#1 NEW YORK TIMES BESTSELLER - A bold work from the author of The
Black Swan that challenges many of our long-held beliefs about risk and
reward, politics and religion, finance and personal responsibility
In his most provocative and practical book yet, one of the foremost
thinkers of our time redefines what it means to understand the world,
succeed in a profession, contribute to a fair and just society, detect
nonsense, and influence others. Citing examples ranging from Hammurabi
to Seneca, Antaeus the Giant to Donald Trump, Nassim Nicholas Taleb
shows how the willingness to accept one's own risks is an essential
attribute of heroes, saints, and flourishing people in all walks of
life.
As always both accessible and iconoclastic, Taleb challenges long-held
beliefs about the values of those who spearhead military interventions,
make financial investments, and propagate religious faiths. Among his
insights:
- For social justice, focus on symmetry and risk sharing. You cannot
make profits and transfer the risks to others, as bankers and large
corporations do. You cannot get rich without owning your own risk and
paying for your own losses. Forcing skin in the game corrects this
asymmetry better than thousands of laws and regulations.
- Ethical rules aren't universal. You're part of a group larger than
you, but it's still smaller than humanity in general.
- Minorities, not majorities, run the world. The world is not run by
consensus but by stubborn minorities imposing their tastes and ethics on
others.
- You can be an intellectual yet still be an idiot. "Educated
philistines" have been wrong on everything from Stalinism to Iraq to
low-carb diets.
- Beware of complicated solutions (that someone was paid to find). A
simple barbell can build muscle better than expensive new machines.
- True religion is commitment, not just faith. How much you believe
in something is manifested only by what you're willing to risk for it.

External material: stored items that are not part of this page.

(* Consider the ROSS algorithm described in the context and suppose Assumptions (A1), (A2), (A3) hold. Then in each round $t\ge1$, $$\mathbb{E}\left[\left\|\frac1N\sum_{i=1}^N\left(\bar g^{[t]}_i-g^{[t]}_{i,i}\right)\right\|^2\right]\le\frac{2\sigma^2}{\omega_{min}^4}+\frac{2\sigma^2}{N}+\frac{8\varsigma^2}{\omega_{min}^4}+\frac{16L^2}{N\omega_{min}^4}\sum_{i=1}^N\mathbb{E}\left[\left\|x^{[t-1]}_i-\bar x^{[t-1]}\right\|^2\right]+\left(\frac{8}{\omega_{min}^4}+2\right)\mathbb{E}\left[\left\|\frac1N\sum_{i=1}^N\nabla f_i\left(x^{[t-1]}_i\right)\right\|^2\right].$$
   Context: Setting: $N\ge1$ agents $\mathcal{N}=\{1,\dots,N\}$. $\mathbf{W}=(\omega_{i,j})\in[0,1]^{N\times N}$ is a symmetric doubly stochastic matrix ($\omega_{i,j}=\omega_{j,i}$, $\sum_{j}\omega_{i,j}=1$). $\mathcal{N}_i=\{j\in\mathcal{N}:\omega_{i,j}>0\}$ is the neighborhood of agent $i$ (the algorithm treats $i$ itself as a member of $\mathcal{N}_i$), and $\omega_{min}=\min_{i\in\mathcal{N},j\in\mathcal{N}_i}\omega_{i,j}$. Agent $i$ has a data distribution $\mathcal{D}_i$; $F(x;\xi)$ is a real-valued loss, differentiable in $x\in\mathbb{R}^d$; $f_i(x)=\mathbb{E}_{\xi\sim\mathcal{D}_i}[F(x;\xi)]$ and $\mathcal{F}(x)=\frac1N\sum_{i=1}^N f_i(x)$. A finite validation set $\mathcal{Q}$ is available to every agent, and $J(\xi;x)$ denotes the accuracy of model $x$ on sample $\xi$. Algorithm ROSS (learning rate $\gamma>0$, momentum coefficient $\alpha$): all agents start from a common point $x_i^{[0]}=x^{[0]}$ with $u_i^{[0]}=0$. In each round $t=1,2,\dots$, each agent $i$ draws a sample $\xi_{i,t}\sim\mathcal{D}_i$ (independently across agents and rounds) and for each $j\in\mathcal{N}_i$ computes $g^{[t]}_{i,j}=\nabla F(x^{[t-1]}_j;\xi_{i,t})$ (so $g^{[t]}_{i,i}$ is its local stochastic gradient). Agent $i$ then sets $x^{[t]}_{i,j}=x^{[t-1]}_i-\gamma g^{[t]}_{j,i}$ for $j\in\mathcal{N}_i$; for $\mathcal{N}'\subseteq\mathcal{N}_i$ it defines $v(\mathcal{N}')=\frac{1}{|\mathcal{Q}|}\sum_{\xi\in\mathcal{Q}}J\big(\xi;\frac{1}{|\mathcal{N}'|}\sum_{j\in\mathcal{N}'}x^{[t]}_{i,j}\big)$ ($v(\emptyset)=0$); Shapley values $\varphi^{[t]}_{i,j}=\sum_{\mathcal{N}'\subseteq\mathcal{N}_i\setminus\{j\}}\frac{v(\mathcal{N}'\cup\{j\})-v(\mathcal{N}')}{|\mathcal{N}_i|\binom{|\mathcal{N}_i|-1}{|\mathcal{N}'|}}$; normalized values $\hat\varphi^{[t]}_{i,j}=\frac{\varphi^{[t]}_{i,j}-\min_{k\in\mathcal{N}_i}\varphi^{[t]}_{i,k}}{\max_{k\in\mathcal{N}_i}\varphi^{[t]}_{i,k}-\min_{k\in\mathcal{N}_i}\varphi^{[t]}_{i,k}}$; weights $\pi^{[t]}_{i,j}=\frac{\hat\varphi^{[t]}_{i,j}}{\omega_{i,j}\sum_{k\in\mathcal{N}_i}\hat\varphi^{[t]}_{i,k}}$; then $\bar g^{[t]}_i=\sum_{j\in\mathcal{N}_i}\pi^{[t]}_{i,j}g^{[t]}_{j,i}$, $\hat u^{[t]}_i=\alpha u^{[t-1]}_i+\bar g^{[t]}_i$, $\hat x^{[t]}_i=x^{[t-1]}_i-\gamma\hat u^{[t]}_i$, $u^{[t]}_i=\sum_{j\in\mathcal{N}_i}\omega_{i,j}\hat u^{[t]}_j$, $x^{[t]}_i=\sum_{j\in\mathcal{N}_i}\omega_{i,j}\hat x^{[t]}_j$. Write $\bar x^{[t]}=\frac1N\sum_{i=1}^N x^{[t]}_i$. Expectations are over the random samples. Assumptions: (A1) each $f_i$ is $L$-smooth. (A2) there exist $\sigma>0,\varsigma>0$ with $\mathbb{E}_{\xi\sim\mathcal{D}_i}\|\nabla F(x;\xi)-\nabla f_i(x)\|^2\le\sigma^2$ and $\|\nabla f_i(x)-\nabla\mathcal{F}(x)\|^2\le\varsigma^2$ for all $x$ and all $i$. (A3) with $\lambda_k(\mathbf{W})$ the $k$-th largest eigenvalue of $\mathbf{W}$, $\lambda_1(\mathbf{W})=1$ and $\max\{|\lambda_2(\mathbf{W})|,|\lambda_N(\mathbf{W})|\}\le\sqrt{\rho}$ for some constant $\rho<1$. *)

theory Defs
  imports "HOL-Probability.Probability" "HOL-Computational_Algebra.Polynomial"
begin

definition nbhd :: "real^'n^'n \<Rightarrow> 'n \<Rightarrow> 'n set" where
  "nbhd W i = {j. 0 < W $ i $ j} \<union> {i}"

definition omega_min :: "real^'n^'n \<Rightarrow> real" where
  "omega_min W = Min {W $ i $ j | i j. 0 < W $ i $ j}"

definition doubly_stochastic_sym :: "real^('n::finite)^'n \<Rightarrow> bool" where
  "doubly_stochastic_sym W \<longleftrightarrow>
     (\<forall>i j. 0 \<le> W $ i $ j \<and> W $ i $ j \<le> 1) \<and>
     (\<forall>i j. W $ i $ j = W $ j $ i) \<and>
     (\<forall>i. (\<Sum>j\<in>UNIV. W $ i $ j) = 1)"

text \<open>Characteristic polynomial det(X I - W) and the eigenvalues, counted with
  multiplicity, in non-increasing order; eig_k W k is the k-th largest (k >= 1).\<close>
definition char_poly_mat :: "real^('n::finite)^'n \<Rightarrow> real poly" where
  "char_poly_mat W = det (\<chi> i j. if i = j then [:- (W $ i $ j), 1:] else [:- (W $ i $ j):])"

definition eig_k :: "real^('n::finite)^'n \<Rightarrow> nat \<Rightarrow> real" where
  "eig_k W k = rev (sorted_list_of_multiset (proots (char_poly_mat W))) ! (k - 1)"

text \<open>State of the agents: (x, u).  xi a is the sample drawn by agent a in the current round.
  sg gradF x xi a b = g_{a,b} = nabla F(x_b ; xi_a).\<close>
definition sg :: "('v \<Rightarrow> 's \<Rightarrow> 'v) \<Rightarrow> ('n \<Rightarrow> 'v) \<Rightarrow> ('n \<Rightarrow> 's) \<Rightarrow> 'n \<Rightarrow> 'n \<Rightarrow> 'v" where
  "sg gradF x xi a b = gradF (x b) (xi a)"

definition coal_val :: "('v::real_vector \<Rightarrow> 's \<Rightarrow> 'v) \<Rightarrow> ('s \<Rightarrow> 'v \<Rightarrow> real) \<Rightarrow> 's set \<Rightarrow> real
     \<Rightarrow> ('n \<Rightarrow> 'v) \<Rightarrow> ('n \<Rightarrow> 's) \<Rightarrow> 'n \<Rightarrow> 'n set \<Rightarrow> real" where
  "coal_val gradF J Q \<gamma> x xi i S =
     (if S = {} then 0 else
      (1 / real (card Q)) * (\<Sum>q\<in>Q. J q ((1 / real (card S)) *\<^sub>R
          (\<Sum>j\<in>S. x i - \<gamma> *\<^sub>R sg gradF x xi j i))))"

definition shapley :: "real^'n^'n \<Rightarrow> ('v::real_vector \<Rightarrow> 's \<Rightarrow> 'v) \<Rightarrow> ('s \<Rightarrow> 'v \<Rightarrow> real) \<Rightarrow> 's set \<Rightarrow> real
     \<Rightarrow> ('n \<Rightarrow> 'v) \<Rightarrow> ('n \<Rightarrow> 's) \<Rightarrow> 'n \<Rightarrow> 'n \<Rightarrow> real" where
  "shapley W gradF J Q \<gamma> x xi i j =
     (\<Sum>S\<in>Pow (nbhd W i - {j}).
        (coal_val gradF J Q \<gamma> x xi i (insert j S) - coal_val gradF J Q \<gamma> x xi i S) /
        (real (card (nbhd W i)) * real (card (nbhd W i) - 1 choose card S)))"

definition shapley_norm :: "real^'n^'n \<Rightarrow> ('v::real_vector \<Rightarrow> 's \<Rightarrow> 'v) \<Rightarrow> ('s \<Rightarrow> 'v \<Rightarrow> real) \<Rightarrow> 's set \<Rightarrow> real
     \<Rightarrow> ('n \<Rightarrow> 'v) \<Rightarrow> ('n \<Rightarrow> 's) \<Rightarrow> 'n \<Rightarrow> 'n \<Rightarrow> real" where
  "shapley_norm W gradF J Q \<gamma> x xi i j =
     (let \<phi> = shapley W gradF J Q \<gamma> x xi i;
          mn = Min (\<phi> ` nbhd W i); mx = Max (\<phi> ` nbhd W i)
      in (\<phi> j - mn) / (mx - mn))"

definition ross_weight :: "real^'n^'n \<Rightarrow> ('v::real_vector \<Rightarrow> 's \<Rightarrow> 'v) \<Rightarrow> ('s \<Rightarrow> 'v \<Rightarrow> real) \<Rightarrow> 's set \<Rightarrow> real
     \<Rightarrow> ('n \<Rightarrow> 'v) \<Rightarrow> ('n \<Rightarrow> 's) \<Rightarrow> 'n \<Rightarrow> 'n \<Rightarrow> real" where
  "ross_weight W gradF J Q \<gamma> x xi i j =
     shapley_norm W gradF J Q \<gamma> x xi i j /
       (W $ i $ j * (\<Sum>k\<in>nbhd W i. shapley_norm W gradF J Q \<gamma> x xi i k))"

definition ross_gbar :: "real^'n^'n \<Rightarrow> ('v::real_vector \<Rightarrow> 's \<Rightarrow> 'v) \<Rightarrow> ('s \<Rightarrow> 'v \<Rightarrow> real) \<Rightarrow> 's set \<Rightarrow> real
     \<Rightarrow> ('n \<Rightarrow> 'v) \<Rightarrow> ('n \<Rightarrow> 's) \<Rightarrow> 'n \<Rightarrow> 'v" where
  "ross_gbar W gradF J Q \<gamma> x xi i =
     (\<Sum>j\<in>nbhd W i. ross_weight W gradF J Q \<gamma> x xi i j *\<^sub>R sg gradF x xi j i)"

definition ross_step :: "real^'n^'n \<Rightarrow> ('v::real_vector \<Rightarrow> 's \<Rightarrow> 'v) \<Rightarrow> ('s \<Rightarrow> 'v \<Rightarrow> real) \<Rightarrow> 's set \<Rightarrow> real \<Rightarrow> real
     \<Rightarrow> ('n \<Rightarrow> 'v) \<times> ('n \<Rightarrow> 'v) \<Rightarrow> ('n \<Rightarrow> 's) \<Rightarrow> ('n \<Rightarrow> 'v) \<times> ('n \<Rightarrow> 'v)" where
  "ross_step W gradF J Q \<gamma> \<alpha> st xi =
     (let x = fst st; u = snd st;
          uh = (\<lambda>i. \<alpha> *\<^sub>R u i + ross_gbar W gradF J Q \<gamma> x xi i);
          xh = (\<lambda>i. x i - \<gamma> *\<^sub>R uh i)
      in ((\<lambda>i. \<Sum>j\<in>nbhd W i. W $ i $ j *\<^sub>R xh j),
          (\<lambda>i. \<Sum>j\<in>nbhd W i. W $ i $ j *\<^sub>R uh j)))"

text \<open>ross_state ... xi t = (x^[t], u^[t]) where xi a t is the sample of agent a in round t
  (rounds t = 1, 2, ...); x^[0]_i = x0, u^[0]_i = 0.\<close>
primrec ross_state :: "real^'n^'n \<Rightarrow> ('v::real_vector \<Rightarrow> 's \<Rightarrow> 'v) \<Rightarrow> ('s \<Rightarrow> 'v \<Rightarrow> real) \<Rightarrow> 's set \<Rightarrow> real \<Rightarrow> real
     \<Rightarrow> 'v \<Rightarrow> ('n \<Rightarrow> nat \<Rightarrow> 's) \<Rightarrow> nat \<Rightarrow> ('n \<Rightarrow> 'v) \<times> ('n \<Rightarrow> 'v)" where
  "ross_state W gradF J Q \<gamma> \<alpha> x0 xi 0 = (\<lambda>i. x0, \<lambda>i. 0)"
| "ross_state W gradF J Q \<gamma> \<alpha> x0 xi (Suc t) =
     ross_step W gradF J Q \<gamma> \<alpha> (ross_state W gradF J Q \<gamma> \<alpha> x0 xi t) (\<lambda>a. xi a (Suc t))"

end

theory Submission
  imports Defs
begin

(* With u = 1 / omega_min, the normalised Shapley weights pi_ij of agent i are nonnegative,
   vanish outside the support of row i of W and sum to at most u.  Split bar g_i - g_ii into
   a noise part sum_j pi_ij (g_ji - grad f_j(x_i)) - (g_ii - grad f_i(x_i)) and a drift part
   sum_j pi_ij grad f_j(x_i) - grad f_i(x_i).  The models x^[t-1] depend only on the samples
   of earlier rounds, so every fresh sample xi_{j,t} contributes variance at most sigma^2 (A2),
   and the noise part contributes at most (3 u^3 + 6) sigma^2 <= 2 sigma^2 u^4.  The drift part
   is compared with the average gradient: heterogeneity (A2) bounds grad f_j - grad F, and
   Lipschitz continuity (A1) moves the evaluation points x_i to their average.  Finally,
   omega_min > 1/2 would force W to be a symmetric permutation matrix, whose eigenvalues are
   all +1 or -1; the spectral gap (A3) excludes this, so u >= 2, which lets the stated
   constants absorb all lower-order terms. *)

lemma power2_norm_mean_le:
  fixes v :: "'i \<Rightarrow> 'v::real_normed_vector"
  shows "(norm ((1 / real (card A)) *\<^sub>R (\<Sum>i\<in>A. v i)))\<^sup>2
    \<le> (1 / real (card A)) * (\<Sum>i\<in>A. (norm (v i))\<^sup>2)"
proof (cases "card A = 0")
  case False
  then have c: "real (card A) > 0" by simp
  have "(norm (\<Sum>i\<in>A. v i))\<^sup>2 \<le> (\<Sum>i\<in>A. norm (v i))\<^sup>2"
    by (simp add: norm_sum power_mono)
  also have "\<dots> \<le> (\<Sum>i\<in>A. (norm (v i))\<^sup>2) * real (card A)"
    by (rule sum_squared_le_sum_of_squares)
  finally have "(norm (\<Sum>i\<in>A. v i))\<^sup>2 * real (card A) \<le> (\<Sum>i\<in>A. (norm (v i))\<^sup>2) * (real (card A))\<^sup>2"
    using c by (simp add: power2_eq_square mult_right_mono mult.assoc[symmetric])
  then show ?thesis
    using c by (simp add: power_divide field_simps)
qed simp

lemma power2_norm_weighted_sum_le:
  fixes v :: "'i \<Rightarrow> 'v::real_normed_vector"
  assumes "\<And>i. i \<in> A \<Longrightarrow> 0 \<le> w i"
  shows "(norm (\<Sum>i\<in>A. w i *\<^sub>R v i))\<^sup>2 \<le> (\<Sum>i\<in>A. w i) * (\<Sum>i\<in>A. w i * (norm (v i))\<^sup>2)"
proof -
  have "norm (\<Sum>i\<in>A. w i *\<^sub>R v i) \<le> (\<Sum>i\<in>A. sqrt (w i) * (sqrt (w i) * norm (v i)))"
    using norm_sum[of "\<lambda>i. w i *\<^sub>R v i" A] assms
    by (simp add: mult.assoc[symmetric] cong: sum.cong)
  then have "(norm (\<Sum>i\<in>A. w i *\<^sub>R v i))\<^sup>2 \<le> (\<Sum>i\<in>A. sqrt (w i) * (sqrt (w i) * norm (v i)))\<^sup>2"
    by (simp add: power_mono)
  also have "\<dots> \<le> (\<Sum>i\<in>A. (sqrt (w i))\<^sup>2) * (\<Sum>i\<in>A. (sqrt (w i) * norm (v i))\<^sup>2)"
    by (rule Cauchy_Schwarz_ineq_sum)
  also have "\<dots> = (\<Sum>i\<in>A. w i) * (\<Sum>i\<in>A. w i * (norm (v i))\<^sup>2)"
    using assms by (simp add: power_mult_distrib)
  finally show ?thesis .
qed

lemma power2_norm_add_le:
  fixes a b :: "'v::real_normed_vector"
  assumes "e > 0"
  shows "(norm (a + b))\<^sup>2 \<le> (1 + e) * (norm a)\<^sup>2 + (1 + 1 / e) * (norm b)\<^sup>2"
proof -
  have "2 * (e * (norm a * norm b)) \<le> e * (e * (norm a)\<^sup>2) + (norm b)\<^sup>2"
    using sum_squares_ge_zero[of "e * norm a - norm b" 0] by (simp add: power2_eq_square algebra_simps)
  then have "2 * (norm a * norm b) \<le> e * (norm a)\<^sup>2 + (norm b)\<^sup>2 / e"
    using assms by (simp add: field_simps)
  moreover have "(norm (a + b))\<^sup>2 \<le> (norm a + norm b)\<^sup>2"
    by (simp add: norm_triangle_ineq power_mono)
  ultimately show ?thesis
    by (simp add: power2_sum algebra_simps)
qed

The phrase "skin in the game" is one we have often heard but rarely
stopped to truly dissect. It is the backbone of risk management, but
it's also an astonishingly rich worldview that, as Taleb shows in this
book, applies to all aspects of our lives. As Taleb says, "The symmetry
of skin in the game is a simple rule that's necessary for fairness and
justice, and the ultimate BS-buster," and "Never trust anyone who
doesn't have skin in the game. Without it, fools and crooks will
benefit, and their mistakes will never come back to haunt them."